Ed Gresser, PPI’s Vice President and Director for Trade and Global Markets, published his trade fact of the week pushing back on a Trump Administration talking point around reciprocal tariffs.

The administration and Mr. Trump personally justify high tariffs not by alluding to the success of modern high-tariff countries, but by looking a long way back through the American past. To cite an eccentric and frequently repeated comment:

“In the 1890s our country was probably the wealthiest it ever was because it was a system of tariffs.”

What to make of this?

It’s true that America had high tariff rates in the 1890s. The U.S. International Trade Commission’s table of tariff rates back to 1891 shows a “trade-weighted average” tariff averaging 27.9% from 1891 to 1900, over ten times the 2.4% of 2023.  It’s wrong, though, to say American wealth peaked relative to other countries, let alone in absolute terms, at that time.  Based on the research of Angus Maddison et al., the U.S.’ share of ‘global GDP’ in the 1890s was probably around 15%. This is a lot higher than it had been before the Civil War (which was also a high-tariff period), but well below the levels of the 1950s and 1960s (after 30 years of steadily falling tariffs), and about the same as it is today. …
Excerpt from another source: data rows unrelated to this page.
lemma word_mat_expansion:
  "word_mat w u p q = (\<Sum>(r, G)\<leftarrow>walk_terms w u. cis (of_int r * cycle_angle w) * of_real (G p q))"
proof (induction u arbitrary: p q)
  case Nil
  then show ?case
    by (simp add: fmat_one_def)
next
  case (Cons a u)
  define x where "x = cis (cycle_angle w)"
  define T where "T = (\<lambda>p q. step_mat w (flip_letter a) q p)"
  have x: "x * cis (of_int r * cycle_angle w) = cis (of_int (r + 1) * cycle_angle w)"
    "cnj x * cis (of_int r * cycle_angle w) = cis (of_int (r - 1) * cycle_angle w)" for r :: int
    by (simp_all add: x_def cis_mult cis_cnj algebra_simps)
  have step: "(x * of_real (step_mat w a p m) + cnj x * of_real (T p m)) * (cis (of_int r * cycle_angle w) * of_real (G m q))
      = cis (of_int (r + 1) * cycle_angle w) * of_real (step_mat w a p m * G m q)
      + cis (of_int (r - 1) * cycle_angle w) * of_real (T p m * G m q)" for r G m
    unfolding x[symmetric] by (simp add: algebra_simps)
  have "word_mat w (a # u) p q
      = (\<Sum>m<length w. \<Sum>(r, G)\<leftarrow>walk_terms w u. (x * of_real (step_mat w a p m) + cnj x * of_real (T p m))
           * (cis (of_int r * cycle_angle w) * of_real (G m q)))"
    by (simp add: Cons.IH fmat_mult_def letter_mat_eq x_def T_def sum_list_const_mult case_prod_unfold)
  also have "\<dots> = (\<Sum>(r, G)\<leftarrow>walk_terms w u.
           cis (of_int (r + 1) * cycle_angle w) * of_real (fmat_mult (length w) (step_mat w a) G p q)
         + cis (of_int (r - 1) * cycle_angle w) * of_real (fmat_mult (length w) T G p q))"
    unfolding sum_sum_list_swap case_prod_unfold step
    by (simp add: fmat_mult_def sum.distrib sum_distrib_left)
  also have "\<dots> = (\<Sum>(r, G)\<leftarrow>walk_terms w (a # u). cis (of_int r * cycle_angle w) * of_real (G p q))"
    by (simp add: sum_list_addf case_prod_unfold T_def o_def)
  finally show ?case .
qed

lemma walk_terms_nonneg: "(r, G) \<in> set (walk_terms w u) \<Longrightarrow> 0 \<le> G p q"
proof (induction u arbitrary: r G p q)
  case (Cons a u)
  then show ?case
    by (auto simp: step_mat_def intro!: fmat_mult_nonneg)
qed (simp add: fmat_one_def)
lemma sperp_A_T_subset_sum3: "sperp (A_T T) \<subseteq> sum3 (A_T T) (Q_T T) (Q_star_T T)"
proof
  fix p assume "p \<in> sperp (A_T T)"
  then have p: "cinner (fst p) x = cinner (snd p) (T x)" if "x \<in> defectK T" for x
    using that by (simp add: mem_sperp_A_T)
  obtain y where y: "y \<in> defectK_star T" and z: "snd p - y \<in> corth (defectK_star T)"
    using csubspace_decomposition[OF closed_defectK_star csubspace_defectK_star] by blast
  define u where "u = cadjoint T y"
  have u: "u \<in> defectK T" "T u = y"
    using y by (simp_all add: u_def defectK_star_imp_defectK mem_defectK_star)
  have "fst p - u \<in> corth (defectK T)"
    unfolding corth_def
  proof (intro CollectI ballI)
    fix x assume x: "x \<in> defectK T"
    have "cinner (fst p - u) x = cinner (snd p - y) (T x)"
      by (simp add: p[OF x] u_def cinner_diff_left cinner_cadjoint_T)
    also have "\<dots> = 0"
      using z defectK_imp_defectK_star[OF x] by (simp add: corth_def)
    finally show "cinner (fst p - u) x = 0" .
  qed
  moreover have "p = (u + (fst p - u) + 0, T u + 0 + (snd p - y))"
    using u by simp
  ultimately show "p \<in> sum3 (A_T T) (Q_T T) (Q_star_T T)"
    unfolding sum3_def A_T_def Q_T_def Q_star_T_def using u z
    by (intro CollectI exI[of _ "(u, T u)"] exI[of _ "(fst p - u, 0)"] exI[of _ "(0, snd p - y)"])
      auto
qed

end

lemma horth_sets_A_T_Q_T: "horth_sets (A_T T) (Q_T T)"
  by (auto simp: horth_sets_def A_T_def Q_T_def hinner_def corth_def cinner_eq_zero_commute)

lemma horth_sets_A_T_Q_star_T: "horth_sets (A_T T) (Q_star_T T)"
  by (auto simp: horth_sets_def A_T_def Q_star_T_def hinner_def corth_def cinner_eq_zero_commute
      dest: defectK_imp_defectK_star)

lemma horth_sets_Q_T_Q_star_T: "horth_sets (Q_T T) (Q_star_T T)"
  by (auto simp: horth_sets_def Q_T_def Q_star_T_def hinner_def)

theorem lemma4p2:
  fixes T :: "'a::chilbert_space \<Rightarrow> 'a"
  assumes "separable_H TYPE('a)"
    and "infinite_dimensional TYPE('a)"
    and "contraction T"
    and "cnu T"
  shows "sperp (A_T T) = sum3 (A_T T) (Q_T T) (Q_star_T T)
         \<and> horth_sets (A_T T) (Q_T T) \<and> horth_sets (A_T T) (Q_star_T T)
         \<and> horth_sets (Q_T T) (Q_star_T T)"
  using sperp_A_T_subset_sum3[OF assms(3)] sum3_subset_sperp_A_T[OF assms(3)]
  by (simp add: horth_sets_A_T_Q_T horth_sets_A_T_Q_star_T horth_sets_Q_T_Q_star_T)

end
(* Let $q,w\in L^1[-1,1]$ be real-valued with $w(x)\ne0$ for a.e. $x\in[-1,1]$. Let $\lambda\in\mathbb{C}\setminus\mathbb{R}$ be an eigenvalue of $-y''+qy=\lambda wy$, $y(-1)=y(1)=0$, with eigenfunction $\phi$ normalized by $\int_{-1}^1|\phi|^2\,dx=1$. Then $$\int_{-1}^1 w|\phi|^2\,dx=0,\qquad \int_{-1}^1\big(|\phi'|^2+q|\phi|^2\big)\,dx=0,$$ $$\int_{-1}^1|\phi'|^2\,dx\le 4\|q_-\|_1^2,\qquad \int_{-1}^1 q_-|\phi|^2\,dx\le 4\|q_-\|_1^2,$$ and $|\phi(x)|^2\le \int_{-1}^1|\phi'|^2\,dx$ for all $x\in[-1,1]$.
   Context: $\|\cdot\|_1$ denotes the norm of $L^1[-1,1]$ and $q_-(x)=-\min\{0,q(x)\}$. A number $\lambda\in\mathbb{C}$ is an eigenvalue of $-y''+qy=\lambda wy$, $y(-1)=y(1)=0$, if there is a nontrivial function $y$ (an eigenfunction) with $y,y'$ absolutely continuous on $[-1,1]$ satisfying $-y''+qy=\lambda wy$ a.e. on $[-1,1]$ and $y(-1)=y(1)=0$. *)

theory Defs
  imports "HOL-Analysis.Analysis"
begin

definition abs_cont_on :: "real \<Rightarrow> real \<Rightarrow> (real \<Rightarrow> 'b::real_normed_vector) \<Rightarrow> bool" where
  "abs_cont_on a b f \<longleftrightarrow>
     (\<forall>\<epsilon>>0. \<exists>\<delta>>0. \<forall>(n::nat) (s::nat \<Rightarrow> real) (t::nat \<Rightarrow> real).
        (\<forall>k<n. a \<le> s k \<and> s k \<le> t k \<and> t k \<le> b) \<and>
        (\<forall>i<n. \<forall>j<n. i \<noteq> j \<longrightarrow> t i \<le> s j \<or> t j \<le> s i) \<and>
        (\<Sum>k<n. t k - s k) < \<delta>
        \<longrightarrow> (\<Sum>k<n. norm (f (t k) - f (s k))) < \<epsilon>)"

definition neg_part :: "(real \<Rightarrow> real) \<Rightarrow> real \<Rightarrow> real" where
  "neg_part q x = - min 0 (q x)"

end

theory Submission
  imports Defs
begin

text \<open>
  The product \<open>\<phi>' cnj \<phi>\<close> is absolutely continuous with derivative
  \<open>|\<phi>'|\<^sup>2 + (q - \<lambda> w) |\<phi>|\<^sup>2\<close> almost everywhere, so the fundamental theorem of calculus for
  absolutely continuous functions and the boundary conditions give
  \<open>\<integral>(|\<phi>'|\<^sup>2 + q |\<phi>|\<^sup>2) = \<lambda> \<integral>w |\<phi>|\<^sup>2\<close>; as \<open>\<lambda>\<close> is not real, both integrals vanish.
  Hence \<open>D = \<integral>|\<phi>'|\<^sup>2 = -\<integral>q |\<phi>|\<^sup>2\<close> is at most \<open>P = \<integral>q\<^sub>- |\<phi>|\<^sup>2\<close>, while Agmon's
  inequality \<open>|\<phi> x|\<^sup>2 \<le> sqrt (\<integral>|\<phi>|\<^sup>2 \<integral>|\<phi>'|\<^sup>2) = sqrt D\<close> gives \<open>P \<le> \<parallel>q\<^sub>-\<parallel>\<^sub>1 sqrt D\<close>.
  Together, \<open>D\<close> and \<open>P\<close> are at most \<open>\<parallel>q\<^sub>-\<parallel>\<^sub>1\<^sup>2\<close>. The pointwise bound comes from
  \<open>2 |\<phi> x| \<le> \<integral>|\<phi>'|\<close> and the Cauchy-Schwarz inequality.
\<close>

lemma abs_cont_onD_finite:
  fixes F :: "real \<Rightarrow> 'a::real_normed_vector"
  assumes "abs_cont_on a b F" "e > 0"
  obtains d where "d > 0"
    "\<And>I s t. finite I \<Longrightarrow> (\<forall>i\<in>I. a \<le> s i \<and> s i \<le> t i \<and> t i \<le> b) \<Longrightarrow>
      (\<forall>i\<in>I. \<forall>j\<in>I. i \<noteq> j \<longrightarrow> t i \<le> s j \<or> t j \<le> s i) \<Longrightarrow>
      (\<Sum>i\<in>I. t i - s i) < d \<Longrightarrow> (\<Sum>i\<in>I. norm (F (t i) - F (s i))) < e"
proof -
  obtain d where "d > 0" and d: "\<forall>(n::nat) s t. (\<forall>k<n. a \<le> s k \<and> s k \<le> t k \<and> t k \<le> b) \<and>
      (\<forall>i<n. \<forall>j<n. i \<noteq> j \<longrightarrow> t i \<le> s j \<or> t j \<le> s i) \<and>
      (\<Sum>k<n. t k - s k) < d \<longrightarrow> (\<Sum>k<n. norm (F (t k) - F (s k))) < e"
    using assms(1)[unfolded abs_cont_on_def, rule_format, OF assms(2)] by blast
  show thesis
  proof (rule that[OF \<open>d > 0\<close>])
    fix I :: "'i set" and s t
    assume "finite I" and bounds: "\<forall>i\<in>I. a \<le> s i \<and> s i \<le> t i \<and> t i \<le> b"
      and disj: "\<forall>i\<in>I. \<forall>j\<in>I. i \<noteq> j \<longrightarrow> t i \<le> s j \<or> t j \<le> s i"
      and small: "(\<Sum>i\<in>I. t i - s i) < d"
    obtain h where h: "bij_betw h {..<card I} I"
      using ex_bij_betw_nat_finite[OF \<open>finite I\<close>] by (auto simp: lessThan_atLeast0)
    have reindex: "(\<Sum>k<card I. G (h k)) = (\<Sum>i\<in>I. G i)" for G :: "'i \<Rightarrow> real"
      using sum.reindex_bij_betw[OF h] .
    have hI: "h k \<in> I" if "k < card I" for k
      using bij_betw_apply[OF h] that by simp
    have hinj: "h i \<noteq> h j" if "i < card I" "j < card I" "i \<noteq> j" for i j
      using bij_betw_imp_inj_on[OF h] that by (auto simp: inj_on_def)
    have "(\<Sum>k<card I. norm (F (t (h k)) - F (s (h k)))) < e"
    proof (rule d[rule_format], intro conjI allI impI)
      fix k assume "k < card I"
      then show "a \<le> s (h k)" "s (h k) \<le> t (h k)" "t (h k) \<le> b"
        using bounds hI by auto
    next
      fix i j assume "i < card I" "j < card I" "i \<noteq> j"
      then show "t (h i) \<le> s (h j) \<or> t (h j) \<le> s (h i)"
        using disj hI hinj by blast
    next
      show "(\<Sum>k<card I. t (h k) - s (h k)) < d"
        using small reindex[of "\<lambda>i. t i - s i"] by simp
    qed
    then show "(\<Sum>i\<in>I. norm (F (t i) - F (s i))) < e"
      using reindex[of "\<lambda>i. norm (F (t i) - F (s i))"] by simp
  qed
qed

lemma abs_cont_on_imp_continuous_on:
  fixes F :: "real \<Rightarrow> 'a::real_normed_vector"
  assumes "abs_cont_on a b F"
  shows "continuous_on {a..b} F"
  unfolding continuous_on_iff
proof (intro ballI allI impI)
  fix x e :: real assume x: "x \<in> {a..b}" and "e > 0"
  obtain d where "d > 0" and d: "\<forall>(n::nat) s t. (\<forall>k<n. a \<le> s k \<and> s k \<le> t k \<and> t k \<le> b) \<and>
      (\<forall>i<n. \<forall>j<n. i \<noteq> j \<longrightarrow> t i \<le> s j \<or> t j \<le> s i) \<and>
      (\<Sum>k<n. t k - s k) < d \<longrightarrow> (\<Sum>k<n. norm (F (t k) - F (s k))) < e"
    using assms[unfolded abs_cont_on_def, rule_format, OF \<open>e > 0\<close>] by blast
  have "dist (F y) (F x) < e" if y: "y \<in> {a..b}" "dist y x < d" for y
  proof -
    have "norm (F (max x y) - F (min x y)) < e"
      using d[rule_format, of 1 "\<lambda>_. min x y" "\<lambda>_. max x y"] x y
      by (simp add: dist_real_def abs_if max_def min_def split: if_splits)
    then show ?thesis
      by (cases "x \<le> y") (simp_all add: dist_norm norm_minus_commute max_def min_def)
  qed
  with \<open>d > 0\<close> show "\<exists>d>0. \<forall>y\<in>{a..b}. dist y x < d \<longrightarrow> dist (F y) (F x) < e"
    by blast
qed
(* Let $G$ be a connected planar graph. Then every minimal $2$-contraction $H$ of $G$ either contains a non-damaged vertex of degree at most $4$, or is $3$-connected.
   Context: All graphs are finite, simple and undirected. A graph $H$ on at least $3$ vertices, together with an edge $u_1u_2\in E(H)$, is a $2$-contraction of $G$ with damaged vertices $u_1,u_2$ if $H\setminus u_1u_2$ (the graph $H$ with the edge $u_1u_2$ removed) is a subgraph of $G$, every vertex $v\in V(H)\setminus\{u_1,u_2\}$ satisfies $d_H(v)=d_G(v)$, and there exists a $(u_1,u_2)$-path in $G$ all of whose internal vertices lie in $V(G)\setminus V(H)$. The non-damaged vertices of $H$ are those of $V(H)\setminus\{u_1,u_2\}$. A $2$-contraction $H'$ of $G$ is smaller than a $2$-contraction $H$ with damaged vertices $\{u_1,u_2\}$ if $V(H')\subsetneq V(H)$ and each of $u_1,u_2$ either does not belong to $V(H')$ or is a damaged vertex of $H'$. A $2$-contraction $H$ of $G$ is minimal if $G$ admits no $2$-contraction smaller than $H$. *)

theory Defs
  imports "HOL-Analysis.Analysis"
begin

definition sgraph :: "'a set \<Rightarrow> 'a set set \<Rightarrow> bool" where
  "sgraph V E \<longleftrightarrow> finite V \<and> (\<forall>e\<in>E. e \<subseteq> V \<and> card e = 2)"

definition degree :: "'a set set \<Rightarrow> 'a \<Rightarrow> nat" where
  "degree E v = card {e\<in>E. v \<in> e}"

definition is_path :: "'a set \<Rightarrow> 'a set set \<Rightarrow> 'a list \<Rightarrow> 'a \<Rightarrow> 'a \<Rightarrow> bool" where
  "is_path V E xs u v \<longleftrightarrow> xs \<noteq> [] \<and> hd xs = u \<and> last xs = v \<and> distinct xs \<and>
     set xs \<subseteq> V \<and> (\<forall>i. Suc i < length xs \<longrightarrow> {xs ! i, xs ! Suc i} \<in> E)"

definition connected_graph :: "'a set \<Rightarrow> 'a set set \<Rightarrow> bool" where
  "connected_graph V E \<longleftrightarrow> V \<noteq> {} \<and> (\<forall>u\<in>V. \<forall>v\<in>V. \<exists>xs. is_path V E xs u v)"

definition k_connected :: "nat \<Rightarrow> 'a set \<Rightarrow> 'a set set \<Rightarrow> bool" where
  "k_connected k V E \<longleftrightarrow> card V > k \<and>
     (\<forall>S. S \<subseteq> V \<and> card S < k \<longrightarrow> connected_graph (V - S) {e\<in>E. e \<inter> S = {}})"

text \<open>Planarity: an embedding in the plane (the complex plane = R^2): vertices are mapped
injectively to points, each edge {u,v} to an arc joining the images of u and v that meets
the image of V only at its endpoints, and the arcs of two distinct edges only meet in
images of common endpoints.\<close>

definition planar :: "'a set \<Rightarrow> 'a set set \<Rightarrow> bool" where
  "planar V E \<longleftrightarrow> (\<exists>(p :: 'a \<Rightarrow> complex) (\<gamma> :: 'a set \<Rightarrow> real \<Rightarrow> complex).
     inj_on p V \<and>
     (\<forall>e\<in>E. arc (\<gamma> e) \<and> {pathstart (\<gamma> e), pathfinish (\<gamma> e)} = p ` e \<and>
              path_image (\<gamma> e) \<inter> p ` V = p ` e) \<and>
     (\<forall>e\<in>E. \<forall>e'\<in>E. e \<noteq> e' \<longrightarrow> path_image (\<gamma> e) \<inter> path_image (\<gamma> e') \<subseteq> p ` (e \<inter> e')))"

definition two_contraction ::
  "'a set \<Rightarrow> 'a set set \<Rightarrow> 'a set \<Rightarrow> 'a set set \<Rightarrow> 'a \<Rightarrow> 'a \<Rightarrow> bool" where
  "two_contraction V E VH EH u1 u2 \<longleftrightarrow>
     sgraph VH EH \<and> card VH \<ge> 3 \<and> u1 \<noteq> u2 \<and> {u1, u2} \<in> EH \<and>
     VH \<subseteq> V \<and> EH - {{u1, u2}} \<subseteq> E \<and>
     (\<forall>v \<in> VH - {u1, u2}. degree EH v = degree E v) \<and>
     (\<exists>xs. is_path V E xs u1 u2 \<and> set (butlast (tl xs)) \<subseteq> V - VH)"

definition smaller_two_contraction ::
  "'a set \<Rightarrow> 'a set set \<Rightarrow> 'a set \<Rightarrow> 'a set set \<Rightarrow> 'a \<Rightarrow> 'a \<Rightarrow>
   'a set \<Rightarrow> 'a set set \<Rightarrow> 'a \<Rightarrow> 'a \<Rightarrow> bool" where
  "smaller_two_contraction V E VH' EH' w1 w2 VH EH u1 u2 \<longleftrightarrow>
     two_contraction V E VH' EH' w1 w2 \<and> VH' \<subset> VH \<and>
     (u1 \<notin> VH' \<or> u1 \<in> {w1, w2}) \<and> (u2 \<notin> VH' \<or> u2 \<in> {w1, w2})"

definition minimal_two_contraction ::
  "'a set \<Rightarrow> 'a set set \<Rightarrow> 'a set \<Rightarrow> 'a set set \<Rightarrow> 'a \<Rightarrow> 'a \<Rightarrow> bool" where
  "minimal_two_contraction V E VH EH u1 u2 \<longleftrightarrow>
     two_contraction V E VH EH u1 u2 \<and>
     \<not> (\<exists>VH' EH' w1 w2. smaller_two_contraction V E VH' EH' w1 w2 VH EH u1 u2)"

end

theory Submission
  imports Defs
begin

text \<open>Suppose every
non-damaged vertex of \<open>H\<close> has degree at least 3 and some set \<open>S\<close> of at most two vertices
separates \<open>H\<close>. As \<open>u\<^sub>1u\<^sub>2\<close> is an edge, some component \<open>C\<close> of \<open>H - S\<close> contains no damaged
vertex. Keeping \<open>C\<close> and one or two of its boundary vertices, declared damaged and joined by
a new edge, gives a smaller 2-contraction. If the boundary is a single vertex \<open>x\<close>,
connectivity of \<open>G\<close> yields a neighbour \<open>c \<in> C\<close> of \<open>x\<close>, and \<open>x, c\<close> are the damaged vertices.
If it is a pair \<open>x, y\<close> linked in \<open>H - C\<close>, such a link, with the edge \<open>u\<^sub>1u\<^sub>2\<close> rerouted along
the given path of \<open>G\<close>, is the required \<open>x\<close>-\<open>y\<close> path outside. Otherwise the component of \<open>x\<close>
or of \<open>y\<close> in \<open>H - C\<close> avoids \<open>u\<^sub>1, u\<^sub>2\<close>; merging it into \<open>C\<close> leaves a single boundary vertex.
The degree bound makes the new contraction have at least three vertices.\<close>

definition adj_in :: "'a set \<Rightarrow> 'a set set \<Rightarrow> ('a \<times> 'a) set" where
  "adj_in W E = {(a, b). a \<in> W \<and> b \<in> W \<and> {a, b} \<in> E}"

lemma sym_adj_in: "sym (adj_in W E)"
  by (auto simp: adj_in_def sym_def insert_commute)

lemma adj_in_rtrancl_sym: "(a, b) \<in> (adj_in W E)\<^sup>* \<Longrightarrow> (b, a) \<in> (adj_in W E)\<^sup>*"
  by (meson sym_adj_in sym_rtrancl symD)

lemma adj_in_reachable_subset: "a \<in> W \<Longrightarrow> {b. (a, b) \<in> (adj_in W E)\<^sup>*} \<subseteq> W"
proof
  fix b assume "a \<in> W" "b \<in> {b. (a, b) \<in> (adj_in W E)\<^sup>*}"
  then have "(a, b) \<in> (adj_in W E)\<^sup>*" by simp
  then show "b \<in> W"
    by (induction rule: rtrancl_induct) (auto simp: \<open>a \<in> W\<close> adj_in_def)
qed

lemma is_path_imp_rtrancl:
  assumes "is_path W E xs u v"
  shows "(u, v) \<in> (adj_in W E)\<^sup>*"
proof -
  have "(hd xs, xs ! i) \<in> (adj_in W E)\<^sup>*" if "i < length xs" for i
    using that
  proof (induction i)
    case 0
    then show ?case by (simp add: hd_conv_nth)
  next
    case (Suc i)
    then have "(xs ! i, xs ! Suc i) \<in> adj_in W E"
      using assms by (auto simp: is_path_def adj_in_def)
    with Suc show ?case by (meson Suc_lessD rtrancl_into_rtrancl)
  qed
  then show ?thesis
    using assms by (auto simp: is_path_def last_conv_nth)
qed

lemma is_path_take:
  assumes "is_path W E xs u v" "i < length xs"
  shows "is_path W E (take (Suc i) xs) u (xs ! i)"
proof -
  have "last (take (Suc i) xs) = xs ! i"
    using assms(2) by (simp add: take_Suc_conv_app_nth)
  then show ?thesis
    using assms set_take_subset[of "Suc i" xs] by (auto simp: is_path_def)
qed

lemma is_path_snoc:
  assumes "is_path W E xs u v" "b \<in> W" "b \<notin> set xs" "{v, b} \<in> E"
  shows "is_path W E (xs @ [b]) u b"
proof -
  have "{(xs @ [b]) ! i, (xs @ [b]) ! Suc i} \<in> E" if "Suc i < length (xs @ [b])" for i
  proof (cases "Suc i < length xs")
    case True
    then show ?thesis using assms(1) by (simp add: is_path_def nth_append)
  next
    case False
    with that have "Suc i = length xs" by simp
    moreover have "xs \<noteq> []" "last xs = v"
      using assms(1) by (auto simp: is_path_def)
    ultimately have "xs ! i = v" by (metis diff_Suc_1 last_conv_nth)
    with \<open>Suc i = length xs\<close> show ?thesis
      using assms(4) by (simp add: nth_append)
  qed
  then show ?thesis using assms by (auto simp: is_path_def)
qed

lemma rtrancl_imp_is_path:
  assumes "(u, v) \<in> (adj_in W E)\<^sup>*" "u \<in> W"
  shows "\<exists>xs. is_path W E xs u v"
  using assms(1)
proof (induction rule: rtrancl_induct)
  case base
  have "is_path W E [u] u u" using assms(2) by (simp add: is_path_def)
  then show ?case by blast
next
  case (step a b)
  then obtain xs where xs: "is_path W E xs u a" by blast
  show ?case
  proof (cases "b \<in> set xs")
    case True
    then obtain i where "i < length xs" "xs ! i = b" by (auto simp: in_set_conv_nth)
    then show ?thesis using is_path_take[OF xs] by metis
  next
    case False
    then show ?thesis using is_path_snoc[OF xs] step(2) by (auto simp: adj_in_def)
  qed
qed

lemma set_butlast_tl: "distinct xs \<Longrightarrow> set (butlast (tl xs)) = set xs - {hd xs, last xs}"
proof (cases xs)
  case (Cons a ys)
  moreover assume "distinct xs"
  ultimately show ?thesis by (cases ys rule: rev_cases) auto
qed simp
Gilded Age tariff system defenders argued that high tariffs protected Americans from “low-wage” European and Asian competition. Critics said it mainly protected monopolies, while encouraging political corruption and depressing middle-class living standards.  Public opinion polls weren’t invented until the 1930s, so we don’t really know how the public in general felt. But opposition to high-tariff policy in the 1890s and 1900s was strong, organized, and persistent enough to convince 42 state legislatures to pass an amendment to the Constitution in 1913 authorizing the creation of the income tax, which replaced the tariff as the main federal revenue source.

So, not an era of wealth and not a tax policy the public loved.  Nor a time anyone should want to revisit.